I've planted it a tiny distance away from the base of a Ceanothus 'Concha' which is about 12 foot high.  The blue stuff on the soil around it are petals from the Concha flowers which are going over rapidly now.  In a month or so the Concha will just be green leaves and I'm hoping that the stems will reach for the light up in the branches of the Concha and perhaps flower this year around Aug/Sept.  Then again, it may not at all.  There is just enough light for it to reach up as it seems to be doing.  I'll have to maybe get some canes in to direct the shoots as more come up.  So I'm hoping it might be tough enough to produce a flower or two in the autumn - but I'd be pleased even if it doesn't this year but puts on a show next year - IF it continues to thrive.  I think I put some slow-release granules around the planting hole when I transplanted it as they were all I had at the time.  I haven't given it anything since 27th May because I wanted to see if it would tough it out on its own.  I'm not sure if I should give it something now at all.  All I have left is some granular rose feed and liquid tomato feed so not sure if I should apply something now or just leave it be.

Isn't she lovely?

Posted: 21/06/2016 at 12:29

It's beautiful.  A lucky find and as you say, not one to be left behind once discovered.

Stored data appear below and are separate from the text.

(* For $v\in\mathbb{R}$ consider the system of ODEs for $(a,b,r,s)(\xi)\in\mathbb{R}^4$: $$\partial_\xi a=r,\qquad \partial_\xi b=s,\qquad \partial_\xi r=-vr-\frac{sa}{2}+\frac{a|r|}{2},\qquad \partial_\xi s=-vs-ra.$$ Consider the boundary conditions (H1) $(a,b,r,s)(-\infty)=(a_0,b_0,0,0)$ and $(a,b,r,s)(+\infty)=(0,2,0,0)$; (H2) $(a,b,r,s)(-\infty)=(0,-2,0,0)$ and $(a,b,r,s)(+\infty)=(a_0,b_0,0,0)$. Then: 1. For every $v>0$ there are exactly two pairs $(a_0,b_0)$ for which there exists a non-constant trajectory satisfying (H1), namely $(a_0,b_0)=(4v,-8v+2)$, for which $r(\xi)<0$ for all $\xi\in\mathbb{R}$ along the trajectory, and $(a_0,b_0)=(-4v,-8v+2)$, for which $r(\xi)>0$ for all $\xi$. Also, for $v>0$ there is no non-constant trajectory satisfying (H2) for any $(a_0,b_0)$. 2. For $v=0$ there is no non-constant trajectory converging to equilibria as $\xi\to\pm\infty$ such that $(a,b,r,s)(-\infty)=(0,b_0,0,0)$ or $(a,b,r,s)(+\infty)=(0,b_0,0,0)$, for any $b_0\in\mathbb{R}$. 3. For every $v<0$ there are exactly two pairs $(a_0,b_0)$ for which there exists a non-constant trajectory satisfying (H2), namely $(a_0,b_0)=(4v,-8v-2)$, with $r(\xi)<0$ for all $\xi$, and $(a_0,b_0)=(-4v,-8v-2)$, with $r(\xi)>0$ for all $\xi$. Also, for $v<0$ there is no non-constant trajectory satisfying (H1) for any $(a_0,b_0)$.
   Context: A trajectory is a solution $(a,b,r,s):\mathbb{R}\to\mathbb{R}^4$ of the system defined for all $\xi\in\mathbb{R}$; the equilibria of the system are exactly the points with $r=s=0$. *)

theory Defs
  imports "HOL-Analysis.Analysis"
begin

definition trajectory :: "real \<Rightarrow> (real \<Rightarrow> real) \<Rightarrow> (real \<Rightarrow> real) \<Rightarrow> (real \<Rightarrow> real) \<Rightarrow> (real \<Rightarrow> real) \<Rightarrow> bool" where
  "trajectory v a b r s \<longleftrightarrow>
     (\<forall>x. (a has_real_derivative r x) (at x)
        \<and> (b has_real_derivative s x) (at x)
        \<and> (r has_real_derivative (- v * r x - s x * a x / 2 + a x * \<bar>r x\<bar> / 2)) (at x)
        \<and> (s has_real_derivative (- v * s x - r x * a x)) (at x))"

definition state :: "(real \<Rightarrow> real) \<Rightarrow> (real \<Rightarrow> real) \<Rightarrow> (real \<Rightarrow> real) \<Rightarrow> (real \<Rightarrow> real) \<Rightarrow> real \<Rightarrow> real \<times> real \<times> real \<times> real" where
  "state a b r s x = (a x, b x, r x, s x)"

definition nonconstant :: "(real \<Rightarrow> real) \<Rightarrow> (real \<Rightarrow> real) \<Rightarrow> (real \<Rightarrow> real) \<Rightarrow> (real \<Rightarrow> real) \<Rightarrow> bool" where
  "nonconstant a b r s \<longleftrightarrow> (\<exists>x y. state a b r s x \<noteq> state a b r s y)"

definition H1 :: "real \<Rightarrow> real \<Rightarrow> (real \<Rightarrow> real) \<Rightarrow> (real \<Rightarrow> real) \<Rightarrow> (real \<Rightarrow> real) \<Rightarrow> (real \<Rightarrow> real) \<Rightarrow> bool" where
  "H1 a0 b0 a b r s \<longleftrightarrow>
     (state a b r s \<longlongrightarrow> (a0, b0, 0, 0)) at_bot \<and> (state a b r s \<longlongrightarrow> (0, 2, 0, 0)) at_top"

definition H2 :: "real \<Rightarrow> real \<Rightarrow> (real \<Rightarrow> real) \<Rightarrow> (real \<Rightarrow> real) \<Rightarrow> (real \<Rightarrow> real) \<Rightarrow> (real \<Rightarrow> real) \<Rightarrow> bool" where
  "H2 a0 b0 a b r s \<longleftrightarrow>
     (state a b r s \<longlongrightarrow> (0, -2, 0, 0)) at_bot \<and> (state a b r s \<longlongrightarrow> (a0, b0, 0, 0)) at_top"

end

theory Submission
  imports Defs "HOL-Real_Asymp.Real_Asymp"
begin

text \<open>Along every trajectory \<open>(s\<^sup>3 - 3 s r\<^sup>2 - 2 |r|\<^sup>3) exp (3 v \<xi>)\<close> is constant; on a connection
  between equilibria it must vanish, so \<open>s = -|r|\<close> or \<open>s = 2|r|\<close>. Then \<open>|r'| \<le> L |r|\<close>, so by a
  Gronwall argument \<open>r\<close> has no zero on a non-constant connection: \<open>r\<close> has a fixed sign \<open>e\<close> and
  \<open>s = c r\<close> with a constant \<open>c \<in> {-e, 2e}\<close>. Now \<open>r - ((e - c)/4 a\<^sup>2 - v a)\<close> and \<open>b - c a\<close> are
  first integrals, and \<open>a\<close> is strictly monotone between its two limits, which are therefore the
  roots of that quadratic; the sign of \<open>r\<close> between the roots forces \<open>c = 2e\<close>, whence
  \<open>a(-\<infinity>) + a(+\<infinity>) = -4 e v\<close> and \<open>b(+\<infinity>) - b(-\<infinity>) = 2 e (a(+\<infinity>) - a(-\<infinity>))\<close>.
  Conversely, for \<open>s = 2 e r\<close> the system reduces to the logistic equation
  \<open>a' = -e/4 a\<^sup>2 - v a\<close>, solved by \<open>a = -4 e v / (1 + exp (v \<xi>))\<close>.\<close>

lemma has_real_derivative_abs_cube: "((\<lambda>t::real. \<bar>t\<bar>^3) has_real_derivative 3 * t * \<bar>t\<bar>) (at t)"
proof -
  consider "t > 0" | "t < 0" | "t = 0" by linarith
  then show ?thesis
  proof cases
    case 1
    have "((\<lambda>t::real. t^3) has_real_derivative 3 * t * \<bar>t\<bar>) (at t)"
      using 1 by (auto intro!: derivative_eq_intros simp: power2_eq_square)
    then show ?thesis
      by (rule has_field_derivative_transform_within_open[where S="{0<..}"]) (use 1 in auto)
  next
    case 2
    have "((\<lambda>t::real. - (t^3)) has_real_derivative 3 * t * \<bar>t\<bar>) (at t)"
      using 2 by (auto intro!: derivative_eq_intros simp: power2_eq_square)
    then show ?thesis
      by (rule has_field_derivative_transform_within_open[where S="{..<0}"]) (use 2 in auto)
  next
    case 3
    have "(\<lambda>y::real. (\<bar>y\<bar>^3 - \<bar>0\<bar>^3) / (y - 0)) = (\<lambda>y. y * \<bar>y\<bar>)"
      by (rule ext) (simp add: power3_eq_cube)
    moreover have "((\<lambda>y::real. y * \<bar>y\<bar>) \<longlongrightarrow> 0) (at 0)"
      by (auto intro!: tendsto_eq_intros)
    ultimately show ?thesis
      unfolding 3 has_field_derivative_iff by simp
  qed
qed

lemma continuous_nonvanishing_sign_cases:
  fixes f :: "real \<Rightarrow> real"
  assumes "continuous_on UNIV f" and "\<And>x. f x \<noteq> 0"
  shows "(\<forall>x. 0 < f x) \<or> (\<forall>x. f x < 0)"
proof (rule ccontr)
  assume "\<not> ?thesis"
  then obtain x y where "f x \<le> 0" "0 \<le> f y"
    by (auto simp: not_less)
  moreover have "connected (range f)"
    using connected_continuous_image[OF assms(1) connected_UNIV] .
  ultimately have "0 \<in> range f"
    by (auto intro: connectedD_interval)
  with assms(2) show False by auto
qed

lemma bounded_if_tendsto_at_bot_at_top:
  fixes f :: "real \<Rightarrow> real"
  assumes "continuous_on UNIV f" and "(f \<longlongrightarrow> l) at_bot" and "(f \<longlongrightarrow> l') at_top"
  obtains M where "\<And>x. \<bar>f x\<bar> \<le> M"
proof -
  obtain S where S: "\<And>x. x \<le> S \<Longrightarrow> \<bar>f x - l\<bar> < 1"
    using assms(2)[unfolded tendsto_iff, rule_format, of 1] by (auto simp: eventually_at_bot_linorder dist_real_def)
  obtain T where T: "\<And>x. T \<le> x \<Longrightarrow> \<bar>f x - l'\<bar> < 1"
    using assms(3)[unfolded tendsto_iff, rule_format, of 1] by (auto simp: eventually_at_top_linorder dist_real_def)
  have "compact (f ` {S..T})"
    by (intro compact_continuous_image continuous_on_subset[OF assms(1)]) auto
  then obtain B where B: "\<And>x. x \<in> {S..T} \<Longrightarrow> \<bar>f x\<bar> \<le> B"
    by (meson compact_imp_bounded bounded_real image_eqI)
  show ?thesis
  proof
    fix x
    consider "x \<le> S" | "x \<in> {S..T}" | "T \<le> x" by fastforce
    then show "\<bar>f x\<bar> \<le> max B (max (\<bar>l\<bar> + 1) (\<bar>l'\<bar> + 1))"
      by cases (use S[of x] T[of x] B[of x] in auto)
  qed
qed

lemma strict_mono_between_limits:
  fixes f :: "real \<Rightarrow> real"
  assumes "strict_mono f" and "(f \<longlongrightarrow> l) at_bot" and "(f \<longlongrightarrow> l') at_top"
  shows "l < f x" and "f x < l'"
proof -
  have "l \<le> f (x - 1)"
    by (rule tendsto_upperbound[OF assms(2)])
       (auto simp: eventually_at_bot_linorder intro!: exI[of _ "x - 1"] strict_mono_less_eq[OF assms(1), THEN iffD2])
  also have "f (x - 1) < f x"
    using assms(1) by (simp add: strict_mono_less)
  finally show "l < f x" .
  have "f x < f (x + 1)"
    using assms(1) by (simp add: strict_mono_less)
  also have "f (x + 1) \<le> l'"
    by (rule tendsto_lowerbound[OF assms(3)])
       (auto simp: eventually_at_top_linorder intro!: exI[of _ "x + 1"] strict_mono_less_eq[OF assms(1), THEN iffD2])
  finally show "f x < l'" .
qed

lemma DERIV_zero_tendsto_imp_eq:
  fixes f :: "real \<Rightarrow> real"
  assumes "\<And>x. (f has_real_derivative 0) (at x)" and "(f \<longlongrightarrow> l) F" and "F \<noteq> bot"
  shows "f x = l"
proof -
  have "f = (\<lambda>_. f x)"
    using DERIV_isconst_all assms(1) by blast
  with assms(2,3) show ?thesis
    by (metis tendsto_const_iff)
qed

lemma quadratic_equal_values:
  fixes \<alpha> v p q y :: real
  assumes "\<alpha> * p\<^sup>2 - v * p = \<alpha> * q\<^sup>2 - v * q" and "p \<noteq> q"
  shows "\<alpha> * (p + q) = v"
    and "(\<alpha> * y\<^sup>2 - v * y) - (\<alpha> * p\<^sup>2 - v * p) = \<alpha> * (y - p) * (y - q)"
proof -
  have "(p - q) * (\<alpha> * (p + q) - v) = 0"
    using assms(1) by (simp add: power2_eq_square algebra_simps)
  with assms(2) show *: "\<alpha> * (p + q) = v" by simp
  show "(\<alpha> * y\<^sup>2 - v * y) - (\<alpha> * p\<^sup>2 - v * p) = \<alpha> * (y - p) * (y - q)"
    unfolding *[symmetric] by (simp add: power2_eq_square algebra_simps)
qed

How big pots for clematis?

Posted: 21/06/2016 at 12:18

And this is what happens when you put a baby clematis in a pot, forget about it for 6 years and then re-discover it again.  You soak it for hours and still have to fight to get it out of the pot and then you need a wheelbarrow to transport it to the other end of the garden where you have had to dig a humungous hole to accommodate it!  LOL!  What a laugh this was - and poor clematis.  

This was end of May this year.  Pleased to say it was planted deep and now has promising looking shoots about a foot long.  So hoping it will forgive me by reaching flowering stage in the autumn!  I think I've done it again - posted something I've already posted on another thread.  I can't keep track.  I'm thinking that my re planting the entire root ball would not be what a savvy clematis grower would have done.  Perhaps I ought to have trimmed the roots back or something to make it a reasonable size to transplant.  But there you go...neglect defies logic!

Last edited: 21 June 2016 12:20:43

Bug Hotel

Posted: 21/06/2016 at 11:59

I second Mark56.What a fantastic idea.  Wish I'd space to have a bug/etc area.  It looks really good and will be an interesting watch to see what has been attracted.